Error Rate Balance and Error Analysis
Error rate balance and error analysis involve comparing false positive and false negative rates across subpopulations to identify bias. For example, a chi-square test can compare these rates by gender, and a statistically significant result indicates bias in the model’s predictions. Understanding the patterns of errors helps in improving the machine learning pipeline. Reviewing errors with diverse stakeholders provides context on why specific types of errors occur and their impact, guiding adjustments like upsampling or downsampling rates in training data or creating different models for subpopulations.
Algorithmovigilance
The concept of algorithmovigilance emphasizes the continuous evaluation and monitoring of algorithms for adverse effects and bias. This involves incorporating known methods for identifying and mitigating algorithmic bias into machine learning pipelines and participating in ongoing development of new methods.
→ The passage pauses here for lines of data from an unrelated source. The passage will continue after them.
text \<open>H-decompositions: P h is the part G_h for h a vertex of H.\<close>
definition Hv :: "'b graph \<Rightarrow> ('b \<Rightarrow> 'a graph) \<Rightarrow> 'a \<Rightarrow> 'b set" where
  "Hv H P v = {h \<in> verts H. v \<in> verts (P h)}"

definition decomposition :: "'a graph \<Rightarrow> 'b graph \<Rightarrow> ('b \<Rightarrow> 'a graph) \<Rightarrow> bool" where
  "decomposition G H P \<longleftrightarrow>
     (\<forall>h\<in>verts H. subgraph (P h) G) \<and>
     verts G = (\<Union>h\<in>verts H. verts (P h)) \<and>
     edges G = (\<Union>h\<in>verts H. edges (P h)) \<and>
     (\<forall>v\<in>verts G. connected_on H (Hv H P v))"

definition point_finite :: "'a graph \<Rightarrow> 'b graph \<Rightarrow> ('b \<Rightarrow> 'a graph) \<Rightarrow> bool" where
  "point_finite G H P \<longleftrightarrow> (\<forall>v\<in>verts G. finite (Hv H P v))"

definition honest :: "'b graph \<Rightarrow> ('b \<Rightarrow> 'a graph) \<Rightarrow> bool" where
  "honest H P \<longleftrightarrow> (\<forall>h h'. (h, h') \<in> edges H \<longrightarrow> verts (P h) \<inter> verts (P h') \<noteq> {})"

end

theory Submission
  imports Defs
begin

(* Both parts are instances of one transfer principle for a relation Q between graphs S and T
   whose fibres are finite and connected, of bounded size over the vertices of S, and which
   witnesses every edge of S and of T: if S is accessible, so is T.  By Koenig's lemma in the
   locally finite graph S, every ray r of T is shadowed by a ray of S living in the fibres of
   the r i; equivalent shadows force equivalent rays, so distinct ends of T have shadows in
   distinct ends of S.  A separation (A, B) of S of order k distinguishing those pushes forward
   to the separation of T formed by the fibres over A and over B: its separator lies in the
   fibres over A \<inter> B, so it has order at most k N.  It distinguishes the two ends because the
   S-fibres of the r i are connected and consecutive ones meet, so once one of them beyond the
   separator meets A - B (as the shadow's tail does), all later ones lie inside A - B.
   Part (i) takes S = H and T = G, part (ii) takes S = G and T = H. *)

section \<open>Walks inside a vertex set\<close>

abbreviation reach_within :: "'a graph \<Rightarrow> 'a set \<Rightarrow> ('a \<times> 'a) set" where
  "reach_within G D \<equiv> (edges G \<inter> D \<times> D)\<^sup>*"
lemma bad_homogeneous_bound:
  fixes n :: nat
  assumes "0 < n"
  obtains K :: nat where "\<And>G r d v B. is_graph G \<Longrightarrow> H_free (obstructions n) G \<Longrightarrow> r \<in> verts G \<Longrightarrow>
    d < n \<Longrightarrow> (\<And>i. i < K \<Longrightarrow> v i \<in> bfs_layer G r d \<inter> bad_verts G) \<Longrightarrow> inj_on v {..<K} \<Longrightarrow>
    (\<And>i j. i < K \<Longrightarrow> j < K \<Longrightarrow> adj G (v i) (v j) \<longleftrightarrow> B \<and> i \<noteq> j) \<Longrightarrow> False"
proof -
  obtain R :: nat where R: "\<And>G q. is_graph G \<Longrightarrow> H_free (obstructions n) G \<Longrightarrow>
    (\<And>i. i < R \<Longrightarrow> q i \<in> bad_verts G) \<Longrightarrow>
    (\<And>i j. i < R \<Longrightarrow> j < R \<Longrightarrow> adj G (q i) (q j) \<longleftrightarrow> i \<noteq> j) \<Longrightarrow> False"
    using bad_clique_bound by blast
  obtain L :: nat where L: "\<And>G r d s. is_graph G \<Longrightarrow> H_free (obstructions n) G \<Longrightarrow> r \<in> verts G \<Longrightarrow>
    d < n \<Longrightarrow> (\<And>i. i < L \<Longrightarrow> s i \<in> bfs_layer G r d \<inter> bad_verts G) \<Longrightarrow> inj_on s {..<L} \<Longrightarrow>
    (\<And>i j. i < L \<Longrightarrow> j < L \<Longrightarrow> \<not> adj G (s i) (s j)) \<Longrightarrow> False"
    using bad_independent_bound[OF assms] by blast
  have False
    if G: "is_graph G" and free: "H_free (obstructions n) G" and r: "r \<in> verts G" and "d < n"
      and v: "\<And>i. i < R + L \<Longrightarrow> v i \<in> bfs_layer G r d \<inter> bad_verts G"
      and v_inj: "inj_on v {..<R + L}"
      and vv: "\<And>i j. i < R + L \<Longrightarrow> j < R + L \<Longrightarrow> adj G (v i) (v j) \<longleftrightarrow> B \<and> i \<noteq> j" for G r d v B
  proof (cases B)
    case True
    then show False
      using v vv by (intro R[OF G free, of v]) auto
  next
    case False
    have "inj_on v {..<L}"
      using v_inj by (rule inj_on_subset) auto
    then show False
      using v vv False by (intro L[OF G free r \<open>d < n\<close>, of v]) auto
  qed
  then show thesis
    by (rule that[of "R + L"])
qed
lemma triangle_integral_small_near:
  fixes q :: "'a::euclidean_space \<Rightarrow> 'a"
  assumes cq: "continuous_on D q"
    and der: "(q has_derivative L) (at x)" and sym: "\<And>u v. u \<bullet> L v = v \<bullet> L u" and e: "0 < e"
  obtains k where "0 < k"
    "\<And>a b c. dist a b \<le> k \<Longrightarrow> dist b c \<le> k \<Longrightarrow> dist c a \<le> k \<Longrightarrow>
       x \<in> convex hull {a,b,c} \<Longrightarrow> convex hull {a,b,c} \<subseteq> D \<Longrightarrow>
       \<bar>triangle_integral q a b c\<bar> \<le> e * (dist a b + dist b c + dist c a)^2"
proof -
  obtain d where d: "0 < d"
    and approx: "\<And>y. norm (y - x) < d \<Longrightarrow> norm (q y - q x - L (y - x)) \<le> e * norm (y - x)"
    using der e unfolding has_derivative_at_alt by blast
  have lin: "linear L" using der by (rule has_derivative_linear)
  show thesis
  proof (rule that[of "d/2"])
    fix a b c assume close: "dist a b \<le> d/2" "dist b c \<le> d/2" "dist c a \<le> d/2"
      and x: "x \<in> convex hull {a,b,c}" and hull_D: "convex hull {a,b,c} \<subseteq> D"
    define p where "p = dist a b + dist b c + dist c a"
    have "norm (q y - (q x - L x + L y)) \<le> e * p" if y: "y \<in> convex hull {a,b,c}" for y
    proof -
      have "norm (y - x) \<le> norm (a - b) \<or> norm (y - x) \<le> norm (b - c) \<or> norm (y - x) \<le> norm (c - a)"
        using simplex_extremal_le[of "{a,b,c}"] y x by (auto simp: norm_minus_commute)
      then have near: "norm (y - x) \<le> d/2" and "norm (y - x) \<le> p"
        using close norm_ge_zero[of "a - b"] norm_ge_zero[of "b - c"] norm_ge_zero[of "c - a"]
        unfolding p_def dist_norm by linarith+
      have "q y - (q x - L x + L y) = q y - q x - L (y - x)"
        by (simp add: linear_diff[OF lin] algebra_simps)
      also have "norm \<dots> \<le> e * norm (y - x)"
        using approx[of y] near d by simp
      also have "\<dots> \<le> e * p"
        using \<open>norm (y - x) \<le> p\<close> e by (simp add: mult_left_mono)
      finally show ?thesis by simp
    qed
    then have "\<bar>triangle_integral q a b c\<bar> \<le> (e * p) * p"
      unfolding p_def
      by (rule abs_triangle_integral_le_affine_deviation[OF continuous_on_subset[OF cq hull_D] lin sym])
    then show "\<bar>triangle_integral q a b c\<bar> \<le> e * (dist a b + dist b c + dist c a)^2"
      by (simp add: p_def power2_eq_square)
  qed (use d in simp)
qed

lemma triangle_integral_nested_triangles:
  fixes q :: "'a::euclidean_space \<Rightarrow> 'a"
  assumes D: "convex D" "a \<in> D" "b \<in> D" "c \<in> D" and cq: "continuous_on D q"
    and K: "dist a b \<le> K" "dist b c \<le> K" "dist c a \<le> K"
    and e: "e * K^2 \<le> \<bar>triangle_integral q a b c\<bar>"
  obtains x where "\<And>n. \<exists>a' b' c'. x \<in> convex hull {a',b',c'} \<and> convex hull {a',b',c'} \<subseteq> convex hull {a,b,c}
      \<and> dist a' b' \<le> K/2^n \<and> dist b' c' \<le> K/2^n \<and> dist c' a' \<le> K/2^n
      \<and> e * (K/2^n)^2 \<le> \<bar>triangle_integral q a' b' c'\<bar>"
proof -
  have hull_D: "convex hull {a,b,c} \<subseteq> D" using D by (simp add: hull_minimal)
  define At where "At x y z n \<longleftrightarrow> convex hull {x,y,z} \<subseteq> convex hull {a,b,c} \<and>
      dist x y \<le> K/2^n \<and> dist y z \<le> K/2^n \<and> dist z x \<le> K/2^n \<and>
      e * (K/2^n)^2 \<le> \<bar>triangle_integral q x y z\<bar>" for x y z and n :: nat
  have At0: "At a b c 0" using K e by (simp add: At_def)
  have AtSuc: "\<exists>x' y' z'. At x' y' z' (Suc n) \<and> convex hull {x',y',z'} \<subseteq> convex hull {x,y,z}"
    if "At x y z n" for x y z n
  proof -
    have hull: "convex hull {x,y,z} \<subseteq> convex hull {a,b,c}"
      and "dist x y \<le> K/2^n" "dist y z \<le> K/2^n" "dist z x \<le> K/2^n"
      and "e * (K/2^n)^2 \<le> \<bar>triangle_integral q x y z\<bar>"
      using that unfolding At_def by auto
    moreover have "x \<in> D" "y \<in> D" "z \<in> D"
      using hull hull_D hull_subset[of "{x,y,z}"] by blast+
    ultimately obtain x' y' z' where sub: "convex hull {x',y',z'} \<subseteq> convex hull {x,y,z}"
      and small: "dist x' y' \<le> K/2^n/2" "dist y' z' \<le> K/2^n/2" "dist z' x' \<le> K/2^n/2"
        "e * (K/2^n/2)^2 \<le> \<bar>triangle_integral q x' y' z'\<bar>"
      using triangle_integral_quadrisection[OF D(1) _ _ _ cq] by metis
    have "K/2^n/2 = K/2^Suc n" by simp
    then have "At x' y' z' (Suc n)"
      unfolding At_def using subset_trans[OF sub hull] small by presburger
    with sub show ?thesis by blast
  qed
  obtain fa fb fc where
      "fa 0 = a" "fb 0 = b" "fc 0 = c" and At: "\<And>n. At (fa n) (fb n) (fc n) n"
      and nested: "\<And>n. convex hull {fa (Suc n), fb (Suc n), fc (Suc n)} \<subseteq> convex hull {fa n, fb n, fc n}"
    using Chain3[of At a b c "\<lambda>x' y' z' x y z. convex hull {x',y',z'} \<subseteq> convex hull {x,y,z}",
        OF At0 AtSuc]
    by blast
  obtain x where x: "\<And>n. x \<in> convex hull {fa n, fb n, fc n}"
  proof (rule bounded_closed_nest)
    show "\<And>m n. m \<le> n \<Longrightarrow> convex hull {fa n, fb n, fc n} \<subseteq> convex hull {fa m, fb m, fc m}"
      by (erule transitive_stepwise_le) (auto simp: nested)
  qed (auto simp: compact_imp_closed finite_imp_compact_convex_hull finite_imp_bounded_convex_hull)
  show thesis
    using x At unfolding At_def by (intro that) blast
qed

lemma triangle_integral_eq_0:
  fixes q :: "'a::euclidean_space \<Rightarrow> 'a"
  assumes D: "convex D" and cq: "continuous_on D q"
    and der: "\<And>x. x \<in> D \<Longrightarrow> (q has_derivative L x) (at x)"
    and sym: "\<And>x u v. x \<in> D \<Longrightarrow> u \<bullet> L x v = v \<bullet> L x u"
    and abc: "a \<in> D" "b \<in> D" "c \<in> D"
  shows "triangle_integral q a b c = 0"
proof (rule ccontr)
  assume nz: "triangle_integral q a b c \<noteq> 0"
  define K where "K = 1 + max (dist a b) (max (dist b c) (dist c a))"
  define e where "e = \<bar>triangle_integral q a b c\<bar> / K^2"
  have "K \<ge> 1" by (simp add: K_def max.coboundedI1)
  then have K: "K > 0" by linarith
  have e: "e > 0" unfolding e_def using nz K by simp
  have "dist a b \<le> K" "dist b c \<le> K" "dist c a \<le> K" by (simp_all add: K_def)
  moreover have "e * K^2 \<le> \<bar>triangle_integral q a b c\<bar>" using K by (simp add: e_def)
  ultimately obtain x where x: "\<And>n. \<exists>a' b' c'. x \<in> convex hull {a',b',c'}
      \<and> convex hull {a',b',c'} \<subseteq> convex hull {a,b,c}
      \<and> dist a' b' \<le> K/2^n \<and> dist b' c' \<le> K/2^n \<and> dist c' a' \<le> K/2^n
      \<and> e * (K/2^n)^2 \<le> \<bar>triangle_integral q a' b' c'\<bar>"
    by (rule triangle_integral_nested_triangles[OF D abc cq]) blast
  have hull_D: "convex hull {a,b,c} \<subseteq> D" using D abc by (simp add: hull_minimal)
  then have "x \<in> D" using x[of 0] by blast
  obtain k where k: "k > 0" and small: "\<And>a b c. dist a b \<le> k \<Longrightarrow> dist b c \<le> k \<Longrightarrow> dist c a \<le> k \<Longrightarrow>
      x \<in> convex hull {a,b,c} \<Longrightarrow> convex hull {a,b,c} \<subseteq> D \<Longrightarrow>
      \<bar>triangle_integral q a b c\<bar> \<le> (e/10) * (dist a b + dist b c + dist c a)^2"
    using triangle_integral_small_near[OF cq der[OF \<open>x \<in> D\<close>] sym[OF \<open>x \<in> D\<close>], of "e/10"] e by auto
  obtain n where "K / k < 2 ^ n" using real_arch_pow[of 2 "K/k"] by auto
  then have "K / 2^n < k" using k by (simp add: field_simps)
  define r where "r = K / 2^n"
  have r: "r > 0" using K by (simp add: r_def)
  obtain a' b' c' where "x \<in> convex hull {a',b',c'}" "convex hull {a',b',c'} \<subseteq> D"
    and sides: "dist a' b' \<le> r" "dist b' c' \<le> r" "dist c' a' \<le> r"
    and big: "e * r^2 \<le> \<bar>triangle_integral q a' b' c'\<bar>"
    using x[of n] hull_D unfolding r_def by blast
  with \<open>K / 2^n < k\<close> have "\<bar>triangle_integral q a' b' c'\<bar> \<le> (e/10) * (dist a' b' + dist b' c' + dist c' a')^2"
    by (intro small) (auto simp: r_def)
  also have "\<dots> \<le> (e/10) * (3 * r)^2"
    using e sides by (intro mult_left_mono power_mono) auto
  also have "\<dots> < e * r^2" using e r by (simp add: power_mult_distrib)
  finally show False using big by linarith
qed

lemma has_real_derivative_inner_segment:
  fixes q :: "'a::euclidean_space \<Rightarrow> 'a"
  assumes der: "(q has_derivative L) (at (a + t *\<^sub>R (b - a)))"
  shows "((\<lambda>t. q (a + t *\<^sub>R (b - a)) \<bullet> (b - a)) has_real_derivative ((b - a) \<bullet> L (b - a))) (at t)"
proof -
  have lin: "linear L" using der by (rule has_derivative_linear)
  have "((\<lambda>t. a + t *\<^sub>R (b - a)) has_derivative (\<lambda>s. s *\<^sub>R (b - a))) (at t)"
    by (auto intro!: derivative_eq_intros)
  from has_derivative_compose[OF this der]
  have "((\<lambda>t. q (a + t *\<^sub>R (b - a)) \<bullet> (b - a)) has_derivative (\<lambda>s. L (s *\<^sub>R (b - a)) \<bullet> (b - a))) (at t)"
    by (rule has_derivative_inner_left)
  moreover have "(\<lambda>s. L (s *\<^sub>R (b - a)) \<bullet> (b - a)) = (*) ((b - a) \<bullet> L (b - a))"
    by (simp add: fun_eq_iff linear_scale[OF lin] inner_commute)
  ultimately show ?thesis unfolding has_field_derivative_def by simp
qed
Regular assessments ensure models generate insights that maximize intended outcomes, such as reducing acute hospitalizations, while maintaining fairness across subgroups. Continuous monitoring prevents “bias drift” over time and ensures interventions benefit members at the highest levels of risk and need.
Collaborative Industry Efforts
Collaborative industry efforts are essential for addressing common challenges in reducing bias. Health insurers should share best practices and develop industry-wide standards for fair machine learning.
This collaboration can lead to unified guidelines, best practices, and analytics tools to combat bias, ensuring high-quality, equitable care for members. Additionally, collecting data on race, ethnicity, and language, despite ethical and regulatory challenges, can enhance bias audits. Establishing ethical principles and standards for data collection and use, guided by entities like America’s Health Insurance Plans or the NCQA, can provide clarity and protection.
Including Diverse Voices
Lastly, including diverse voices in the development of machine learning models is crucial. Collaborative efforts between data scientists, clinical experts, and individuals with lived experiences of systemic inequities reveal blind spots and improve model fairness. Diverse teams bring valuable perspectives that help promote health equity through predictive analytics.
By incorporating these comprehensive and collaborative approaches, health insurers can effectively address and reduce bias in their predictive models and business processes, ultimately leading to better outcomes and lower costs for their members.